* [THE PROBLEM]: Each line of the data that includes "ultimately" must be copied.
*** Begin section ***
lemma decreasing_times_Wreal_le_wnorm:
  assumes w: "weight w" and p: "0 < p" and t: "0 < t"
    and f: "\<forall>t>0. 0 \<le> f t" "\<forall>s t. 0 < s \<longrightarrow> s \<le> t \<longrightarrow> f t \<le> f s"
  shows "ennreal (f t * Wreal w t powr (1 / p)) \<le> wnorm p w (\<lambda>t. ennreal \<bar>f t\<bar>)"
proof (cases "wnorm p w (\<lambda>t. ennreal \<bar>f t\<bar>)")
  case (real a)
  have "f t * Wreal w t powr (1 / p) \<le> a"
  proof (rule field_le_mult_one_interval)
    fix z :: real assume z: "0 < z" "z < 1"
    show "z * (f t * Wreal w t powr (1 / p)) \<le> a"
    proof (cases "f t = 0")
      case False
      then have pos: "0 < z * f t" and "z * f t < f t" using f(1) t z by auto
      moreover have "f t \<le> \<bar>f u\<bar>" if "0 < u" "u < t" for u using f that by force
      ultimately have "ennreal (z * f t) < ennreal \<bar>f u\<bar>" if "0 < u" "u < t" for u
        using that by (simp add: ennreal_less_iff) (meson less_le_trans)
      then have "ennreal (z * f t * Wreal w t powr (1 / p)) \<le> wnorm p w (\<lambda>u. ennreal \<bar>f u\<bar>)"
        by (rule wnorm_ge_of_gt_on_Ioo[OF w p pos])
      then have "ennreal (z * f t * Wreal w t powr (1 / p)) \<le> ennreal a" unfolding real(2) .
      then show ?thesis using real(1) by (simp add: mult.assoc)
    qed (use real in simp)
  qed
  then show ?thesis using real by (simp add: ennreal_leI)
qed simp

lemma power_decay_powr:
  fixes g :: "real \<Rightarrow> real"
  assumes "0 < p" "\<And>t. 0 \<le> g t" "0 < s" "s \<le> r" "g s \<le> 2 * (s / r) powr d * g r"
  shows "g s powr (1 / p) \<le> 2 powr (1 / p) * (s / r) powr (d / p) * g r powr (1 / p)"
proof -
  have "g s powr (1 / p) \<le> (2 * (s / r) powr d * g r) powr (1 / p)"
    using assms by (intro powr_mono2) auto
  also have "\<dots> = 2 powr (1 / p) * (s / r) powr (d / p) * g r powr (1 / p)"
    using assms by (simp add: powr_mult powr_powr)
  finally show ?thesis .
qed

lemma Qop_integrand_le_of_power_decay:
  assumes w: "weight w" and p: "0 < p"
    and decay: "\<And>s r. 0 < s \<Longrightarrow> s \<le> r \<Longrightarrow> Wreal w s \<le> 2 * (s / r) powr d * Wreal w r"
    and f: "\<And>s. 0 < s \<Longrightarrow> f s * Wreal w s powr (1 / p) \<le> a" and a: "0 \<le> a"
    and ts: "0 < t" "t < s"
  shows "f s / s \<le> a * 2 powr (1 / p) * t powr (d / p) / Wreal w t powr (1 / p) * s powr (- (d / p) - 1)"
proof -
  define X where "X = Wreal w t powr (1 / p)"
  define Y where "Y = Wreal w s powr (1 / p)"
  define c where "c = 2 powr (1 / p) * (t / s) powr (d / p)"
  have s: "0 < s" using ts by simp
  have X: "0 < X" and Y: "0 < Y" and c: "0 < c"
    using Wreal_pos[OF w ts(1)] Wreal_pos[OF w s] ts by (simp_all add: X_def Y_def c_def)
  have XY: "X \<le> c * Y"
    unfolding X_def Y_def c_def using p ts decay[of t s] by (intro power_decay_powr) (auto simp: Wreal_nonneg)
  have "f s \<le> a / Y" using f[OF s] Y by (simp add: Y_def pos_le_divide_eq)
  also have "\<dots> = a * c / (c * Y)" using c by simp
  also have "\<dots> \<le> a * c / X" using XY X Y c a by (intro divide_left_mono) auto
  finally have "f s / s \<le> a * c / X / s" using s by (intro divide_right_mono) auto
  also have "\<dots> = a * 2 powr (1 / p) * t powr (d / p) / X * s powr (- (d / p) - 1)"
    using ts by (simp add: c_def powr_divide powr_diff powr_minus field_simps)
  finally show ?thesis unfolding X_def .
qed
*** End section ***
*** Begin section ***
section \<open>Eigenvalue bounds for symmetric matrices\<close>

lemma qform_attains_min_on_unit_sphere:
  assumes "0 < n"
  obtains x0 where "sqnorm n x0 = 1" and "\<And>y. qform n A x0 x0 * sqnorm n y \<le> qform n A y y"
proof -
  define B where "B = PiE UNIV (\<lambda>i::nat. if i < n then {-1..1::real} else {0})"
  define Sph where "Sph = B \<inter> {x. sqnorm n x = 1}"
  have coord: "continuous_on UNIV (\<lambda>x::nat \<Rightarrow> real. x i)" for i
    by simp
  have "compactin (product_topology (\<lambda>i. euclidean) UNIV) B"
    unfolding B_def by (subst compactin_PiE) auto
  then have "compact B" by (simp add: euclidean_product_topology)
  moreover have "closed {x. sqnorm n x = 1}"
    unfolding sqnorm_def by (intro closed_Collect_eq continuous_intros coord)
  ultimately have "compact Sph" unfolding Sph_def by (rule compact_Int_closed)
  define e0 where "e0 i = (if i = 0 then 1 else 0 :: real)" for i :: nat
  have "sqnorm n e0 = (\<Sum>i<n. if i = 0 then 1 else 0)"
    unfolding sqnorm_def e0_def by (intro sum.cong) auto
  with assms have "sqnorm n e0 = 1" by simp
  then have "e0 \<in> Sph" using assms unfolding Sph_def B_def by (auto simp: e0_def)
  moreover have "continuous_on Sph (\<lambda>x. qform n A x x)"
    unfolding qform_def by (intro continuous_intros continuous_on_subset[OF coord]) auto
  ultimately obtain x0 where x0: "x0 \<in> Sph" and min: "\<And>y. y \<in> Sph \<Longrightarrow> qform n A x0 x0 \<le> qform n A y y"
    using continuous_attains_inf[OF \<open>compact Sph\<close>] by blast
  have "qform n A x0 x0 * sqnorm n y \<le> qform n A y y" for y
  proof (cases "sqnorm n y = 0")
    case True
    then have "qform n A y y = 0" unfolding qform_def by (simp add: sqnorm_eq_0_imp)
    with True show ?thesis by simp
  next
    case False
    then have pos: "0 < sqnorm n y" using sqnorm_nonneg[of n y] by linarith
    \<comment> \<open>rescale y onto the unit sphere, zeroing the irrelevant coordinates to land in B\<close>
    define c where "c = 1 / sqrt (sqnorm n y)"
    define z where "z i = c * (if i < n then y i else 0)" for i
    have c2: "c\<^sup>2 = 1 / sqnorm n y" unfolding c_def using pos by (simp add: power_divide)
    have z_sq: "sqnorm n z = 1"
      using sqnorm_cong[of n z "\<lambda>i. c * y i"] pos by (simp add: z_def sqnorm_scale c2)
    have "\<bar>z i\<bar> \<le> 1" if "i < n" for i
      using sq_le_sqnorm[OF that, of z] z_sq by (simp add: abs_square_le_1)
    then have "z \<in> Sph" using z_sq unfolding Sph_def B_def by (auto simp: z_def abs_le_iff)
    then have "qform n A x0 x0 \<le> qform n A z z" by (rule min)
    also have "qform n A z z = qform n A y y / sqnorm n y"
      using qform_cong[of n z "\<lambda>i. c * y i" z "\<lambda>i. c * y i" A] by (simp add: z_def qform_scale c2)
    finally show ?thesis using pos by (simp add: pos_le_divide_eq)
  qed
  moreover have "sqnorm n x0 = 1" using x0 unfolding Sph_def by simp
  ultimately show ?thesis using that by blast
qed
*** End section ***
* [SOLUTION TO THIS EXERCISE]:
      ultimately have "ennreal (z * f t) < ennreal \<bar>f u\<bar>" if "0 < u" "u < t" for u
  ultimately have "compact Sph" unfolding Sph_def by (rule compact_Int_closed)
  ultimately obtain x0 where x0: "x0 \<in> Sph" and min: "\<And>y. y \<in> Sph \<Longrightarrow> qform n A x0 x0 \<le> qform n A y y"
  ultimately show ?thesis using that by blast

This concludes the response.